Segmentation results with edge information added

6 Conclusions

The semantic segmentation method cannot describe the region boundary as clearly as the PSPNet method. This is because the PSPNet method only divides the spectral information, and the research object is a single pixel, which reflects the microscopic characteristics of the spectral distribution so the boundary is very clear. The semantic feature is a two-dimensional space feature that directly depends on the neighborhood and needs to be expressed in a certain two-dimensional space to reflect the macroscopic characteristics of the spectral distribution. Combined with spectral segmentation coding, the result of semantic segmentation coding can be used as effective information for subsequent image classification and interpretation. In the HRNet segmentation map with edge detection information, the original image can segment buildings more accurately. In the original image, the structure of the object is smaller than the actual object or irregular polygon, and the rectangle of the actual object is added to the image segmentation image edge information, including the structure of the polygon object, and basically matches the actual object. The shape of these objects is more similar to the real object. The house and road are not divided into one object, which is the segmentation method.

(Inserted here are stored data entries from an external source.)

lemma perp_insert_singular_elem:
  assumes R: "vec.subspace R" "totally_singular R" "vec.dim R = 2"
    and s: "qform s = 0" "s \<in> perp R" "s \<notin> R" and x: "x \<in> perp (insert s R)"
  obtains \<rho> k where "\<rho> \<in> R" "x = \<rho> + k *s s"
proof -
  define U where "U = vec.span (insert s R)"
  have "vec.subspace U" "totally_singular U" "vec.dim U = 3"
    using totally_singular_span_insert[OF R(1,2) s(1,2)] vec.dim_insert[of s R] s(3) R(3)
      vec.span_eq_iff[THEN iffD2, OF R(1)]
    by (simp_all add: U_def)
  moreover have "x \<in> perp U"
    using x by (simp add: U_def perp_span)
  ultimately have "x \<in> U"
    by (rule totally_singular_3_maximal)
  then show ?thesis
    using span_insert_subspace_elem[OF R(1)] that unfolding U_def by blast
qed

text \<open>A totally singular line \<open>R\<close> lies in exactly two generators; below, \<open>s\<close> spans one of them
  with \<open>R\<close>, and \<open>Y\<close> is a generator through \<open>R\<close> different from \<open>R + \<langle>s\<rangle>\<close>.\<close>

lemma polar_other_generator_nonzero:
  assumes R: "vec.subspace R" "totally_singular R" "vec.dim R = 2"
    and s: "qform s = 0" "s \<in> perp R" "s \<notin> R"
    and Y: "vec.subspace Y" "totally_singular Y" "R \<subseteq> Y" "s \<notin> Y"
    and y: "y \<in> Y" "y \<notin> R"
  shows "polar s y \<noteq> 0"
proof
  assume "polar s y = 0"
  moreover have "y \<in> perp R"
    using y(1) Y(3) totally_singular_polar[OF Y(1,2)] by (auto simp: perp_def)
  ultimately have "y \<in> perp (insert s R)"
    by (simp add: perp_def)
  then obtain \<rho> k where \<rho>: "\<rho> \<in> R" "y = \<rho> + k *s s"
    using perp_insert_singular_elem[OF R s] by blast
  then have "k \<noteq> 0"
    using y(2) by auto
  moreover have "k *s s \<in> Y"
    using \<rho> y(1) Y(3) vec.subspace_diff[OF Y(1), of y \<rho>] by auto
  ultimately show False
    using Y(4) subspace_scale_iff[OF Y(1)] by blast
qed

lemma other_generator_mem:
  assumes R: "vec.subspace R" "totally_singular R" "vec.dim R = 2"
    and s: "qform s = 0" "s \<in> perp R" "s \<notin> R"
    and Y: "vec.subspace Y" "totally_singular Y" "vec.dim Y = 3" "R \<subseteq> Y" "s \<notin> Y"
    and t: "qform t = 0" "t \<in> perp R" "polar s t = 1"
  shows "t \<in> Y"
proof -
  obtain y where y: "y \<in> Y" "y \<notin> R"
    using R(3) Y(3,4) vec.dim_subset[of Y R] by fastforce
  have y_R: "y \<in> perp R"
    using y(1) Y(4) totally_singular_polar[OF Y(1,2)] by (auto simp: perp_def)
  have s_s: "polar s s = 0"
    using polar_self[of s] s(1) by simp
  define \<alpha> \<beta> where "\<alpha> = polar y t" and "\<beta> = polar y s"
  define z where "z = y - \<alpha> *s s - \<beta> *s t"
  have "z \<in> perp (insert s R)"
    using y_R s(2) t(2,3) s_s
    by (auto simp: z_def \<alpha>_def \<beta>_def perp_def polar_diff_right polar_scale_right polar_sym)
  then obtain \<rho> k where \<rho>: "\<rho> \<in> R" "z = \<rho> + k *s s"
    using perp_insert_singular_elem[OF R s] by blast
  have "polar t z = 0"
    using t(1,3) polar_self[of t] by (simp add: z_def \<alpha>_def polar_diff_right polar_scale_right polar_sym)
  moreover have "polar t \<rho> = 0"
    using \<rho>(1) t(2) by (auto simp: perp_def polar_sym)
  ultimately have "k = 0"
    using \<rho>(2) t(3) by (simp add: polar_add_right polar_scale_right polar_sym)
  then have z_R: "z \<in> R"
    using \<rho> by simp
  txt \<open>Since \<open>q(y) = \<alpha>\<beta>\<close> and \<open>\<beta> \<noteq> 0\<close>, \<open>y - z\<close> is a nonzero multiple of \<open>t\<close>.\<close>
  have "qform y = \<alpha> * \<beta>"
  proof -
    have "y = z + (\<alpha> *s s + \<beta> *s t)"
      by (simp add: z_def)
    moreover have "polar z (\<alpha> *s s + \<beta> *s t) = 0"
      using z_R s(2) t(2) by (simp add: perp_def polar_add_right polar_scale_right)
    moreover have "qform z = 0"
      using z_R R(2) by (simp add: totally_singular_def)
    ultimately show ?thesis
      using s(1) t by (simp add: qform_add qform_scale polar_scale_left polar_scale_right)
  qed
  moreover have "qform y = 0"
    using y(1) Y(2) by (auto simp: totally_singular_def)
  moreover have "\<beta> \<noteq> 0"
    using polar_other_generator_nonzero[OF R s Y(1,2,4,5) y] by (simp add: \<beta>_def polar_sym)
  ultimately have "\<beta> *s t = y - z"
    by (simp add: z_def)
  moreover have "y - z \<in> Y"
    using y(1) z_R Y(4) vec.subspace_diff[OF Y(1)] by blast
  ultimately show ?thesis
    using \<open>\<beta> \<noteq> 0\<close> subspace_scale_iff[OF Y(1)] by metis
qed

This study uses aerial data sources to classify coastal wetlands based on multiscale segmentation. It can be seen from the characteristics of the research field that various types of wetlands are related to each other and have different degrees of similarity, similar to the feature values of the metaspectral characteristic spectrum, which are difficult to distinguish. Through multiscale segmentation, the entity objects are at different scales. Different levels, spectral features, shape factors, and texture features are combined to extract different types of wetland information, effectively reducing the "salt and pepper" phenomenon in remote sensing images and achieving better classification accuracy.

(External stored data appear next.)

(* Every natural-number-valued sequence $F$ in the family $\mathcal{T}_\lambda(\alpha,\beta)$ (restricted to its terms $n_F$, $n\ge1$) belongs to $\mathcal{T}_\lambda$; consequently every such $F$ is a cobweb tiling sequence. Moreover the inclusion $\mathcal{T}_\lambda(\alpha,\beta)\subset\mathcal{T}_\lambda$ is proper: the Fibonacci sequence belongs to $\mathcal{T}_\lambda$ but not to $\mathcal{T}_\lambda(\alpha,\beta)$.
   Context: Throughout, $\mathbb{N}=\{1,2,\dots\}$. The family $\mathcal{T}_\lambda$ consists of sequences $F=(n_F)_{n\ge1}$ of natural numbers for which there exist functions $\lambda_K,\lambda_M:\mathbb{N}\times\mathbb{N}\to\mathbb{N}\cup\{0\}$ such that $(k+m)_F=\lambda_K(k,m)k_F+\lambda_M(k,m)m_F$ for all $k,m\in\mathbb{N}$. The family $\mathcal{T}_\lambda(\alpha,\beta)$ consists of sequences with $n_F=[x^n]\frac{1_F\,x}{(1-\alpha x)(1-\beta x)}$, for some $\alpha,\beta\in\mathbb{N}\cup\{0\}$ and $1_F\in\mathbb{N}$. The Fibonacci sequence is $F_0=0$, $F_1=F_2=1$, $F_{n+1}=F_n+F_{n-1}$. For a sequence $F$ of natural numbers, write $[s_F]=\{1,\dots,s_F\}$, $n_F!=n_F\cdots1_F$ with $0_F!=1$, and $\binom{n}{m}_F=\frac{n_F!}{m_F!(n-m)_F!}$. $F$ is admissible if all $\binom{n}{m}_F\in\mathbb{N}\cup\{0\}$. For $1\le m\le n$ and $k=n-m+1$, the $F$-box is $V_{m,n}=[k_F]\times\cdots\times[n_F]$. A sub-box of the form $\sigma V_m$ ($\sigma$ a permutation of $\{1,\dots,m\}$) is $A_1\times\cdots\times A_m$ with $A_s\subseteq[(k+s-1)_F]$ and $|A_s|=(\sigma(s))_F$. A tiling of $V_{m,n}$ is a family of pairwise disjoint such sub-boxes ($\sigma$ may vary) with union $V_{m,n}$. $F$ is a cobweb tiling sequence if it is admissible and every $V_{m,n}$, $1\le m\le n$, has a tiling. *)

theory Defs
  imports "HOL-Computational_Algebra.Formal_Power_Series"
          "HOL-Combinatorics.Permutations"
          "HOL-Number_Theory.Fib"
begin

text \<open>Sequences F = (n_F) are modelled as functions nat => nat; only the values F n
  for n >= 1 are relevant. "Sequence of natural numbers" (N = {1,2,...}) means F n >= 1
  for all n >= 1.\<close>

definition nat_seq :: "(nat \<Rightarrow> nat) \<Rightarrow> bool" where
  "nat_seq F \<longleftrightarrow> (\<forall>n\<ge>1. F n \<ge> 1)"

definition T_lambda :: "(nat \<Rightarrow> nat) set" where
  "T_lambda = {F. nat_seq F \<and>
     (\<exists>lamK lamM :: nat \<Rightarrow> nat \<Rightarrow> nat. \<forall>k\<ge>1. \<forall>m\<ge>1.
        F (k + m) = lamK k m * F k + lamM k m * F m)}"

definition T_lambda_ab :: "(nat \<Rightarrow> nat) set" where
  "T_lambda_ab = {F. nat_seq F \<and>
     (\<exists>(\<alpha>::nat) (\<beta>::nat) (c::nat). c \<ge> 1 \<and>
        (\<forall>n\<ge>1. of_nat (F n) =
           fps_nth (fps_const (of_nat c :: rat) * fps_X /
             ((1 - fps_const (of_nat \<alpha>) * fps_X) * (1 - fps_const (of_nat \<beta>) * fps_X))) n))}"

definition F_fact :: "(nat \<Rightarrow> nat) \<Rightarrow> nat \<Rightarrow> nat" where
  "F_fact F n = (\<Prod>k\<in>{1..n}. F k)"

definition admissible :: "(nat \<Rightarrow> nat) \<Rightarrow> bool" where
  "admissible F \<longleftrightarrow> (\<forall>n m. m \<le> n \<longrightarrow> F_fact F m * F_fact F (n - m) dvd F_fact F n)"

definition F_box :: "(nat \<Rightarrow> nat) \<Rightarrow> nat \<Rightarrow> nat \<Rightarrow> (nat \<Rightarrow> nat) set" where
  "F_box F m n = PiE {1..m} (\<lambda>s. {1..F (n - m + s)})"

definition sub_box :: "(nat \<Rightarrow> nat) \<Rightarrow> nat \<Rightarrow> nat \<Rightarrow> (nat \<Rightarrow> nat) set \<Rightarrow> bool" where
  "sub_box F m n B \<longleftrightarrow> (\<exists>\<sigma> A. \<sigma> permutes {1..m} \<and>
      (\<forall>s\<in>{1..m}. A s \<subseteq> {1..F (n - m + s)} \<and> card (A s) = F (\<sigma> s)) \<and>
      B = PiE {1..m} A)"

definition has_tiling :: "(nat \<Rightarrow> nat) \<Rightarrow> nat \<Rightarrow> nat \<Rightarrow> bool" where
  "has_tiling F m n \<longleftrightarrow> (\<exists>T. (\<forall>B\<in>T. sub_box F m n B) \<and> pairwise disjnt T \<and>
      \<Union>T = F_box F m n)"

definition cobweb_tiling :: "(nat \<Rightarrow> nat) \<Rightarrow> bool" where
  "cobweb_tiling F \<longleftrightarrow> admissible F \<and> (\<forall>m n. 1 \<le> m \<and> m \<le> n \<longrightarrow> has_tiling F m n)"

end

theory Submission
  imports Defs
begin

text \<open>Everything rests on the property that \<open>F (k + m)\<close> is a nonnegative integer combination
  \<open>a F k + b F m\<close>. It gives \<open>k\<^sub>F! m\<^sub>F! dvd (k + m)\<^sub>F!\<close>: both summands of
  \<open>(k + m)\<^sub>F! = (a F k + b F m) (k + m - 1)\<^sub>F!\<close> are multiples of \<open>k\<^sub>F! m\<^sub>F!\<close> by induction.
  It also tiles the box \<open>V(m, n)\<close>: with \<open>k = n - m + 1\<close>, cut its last side, of length
  \<open>F n = a F k + b F m\<close>, into segments of lengths \<open>F k\<close> and \<open>F m\<close>. The slab over a segment of
  length \<open>F k\<close> is a box of the shape of \<open>V(m, n - 1)\<close>, and the slab over a segment of length
  \<open>F m\<close> is a box of the shape of \<open>V(m - 1, n - 1)\<close> times that segment, so induction on \<open>n\<close>
  tiles both.
  A sequence of \<open>T\<^sub>\<lambda>(\<alpha>, \<beta>)\<close> is \<open>n\<^sub>F = c (\<alpha>\<^sup>n\<^sup>-\<^sup>1 + \<alpha>\<^sup>n\<^sup>-\<^sup>2 \<beta> + \<dots> + \<beta>\<^sup>n\<^sup>-\<^sup>1)\<close>, so
  \<open>(k + m)\<^sub>F = \<alpha>\<^sup>m k\<^sub>F + \<beta>\<^sup>k m\<^sub>F\<close>. Fibonacci has \<open>F (k + m) = F (m - 1) F k + F (k + 1) F m\<close>,
  but it is not of that form: \<open>F 1 = F 2 = 1\<close> force \<open>c = 1\<close> and \<open>\<alpha> + \<beta> = 1\<close>, whence
  \<open>F 3 = \<alpha>\<^sup>2 + \<beta> \<le> 1\<close>.\<close>

definition lambda_decomposable :: "(nat \<Rightarrow> nat) \<Rightarrow> bool" where
  "lambda_decomposable F \<longleftrightarrow> (\<forall>k\<ge>1. \<forall>m\<ge>1. \<exists>a b. F (k + m) = a * F k + b * F m)"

This article only conducts a preliminary study of change detection in phase remote sensing images, and there are still many issues that need further research and discussion. Based on the research work of this article, the following aspects can be used as the research focus to strengthen theoretical research and discussion. Although remote sensing change detection technology has been applied to and has borrowed some theoretical knowledge and model methods in disciplines such as mathematics and physics, remote sensing change detection does not form a systematic theoretical system, but is a relatively independent and complete theoretical system of established development and popularization image change detection technology. A combination multiple methods is needed. Although various change detection methods have been proposed, each method has advantages and disadvantages, and no one method is the best. Therefore, combining a variety of methods with image characteristics and actual requirements will effectively improve the change detection performance, and how to complement different detection methods remains to be further studied. Currently, most change detection methods only deal with changes in a single data source. How the various data sources change requires further research and experimentation.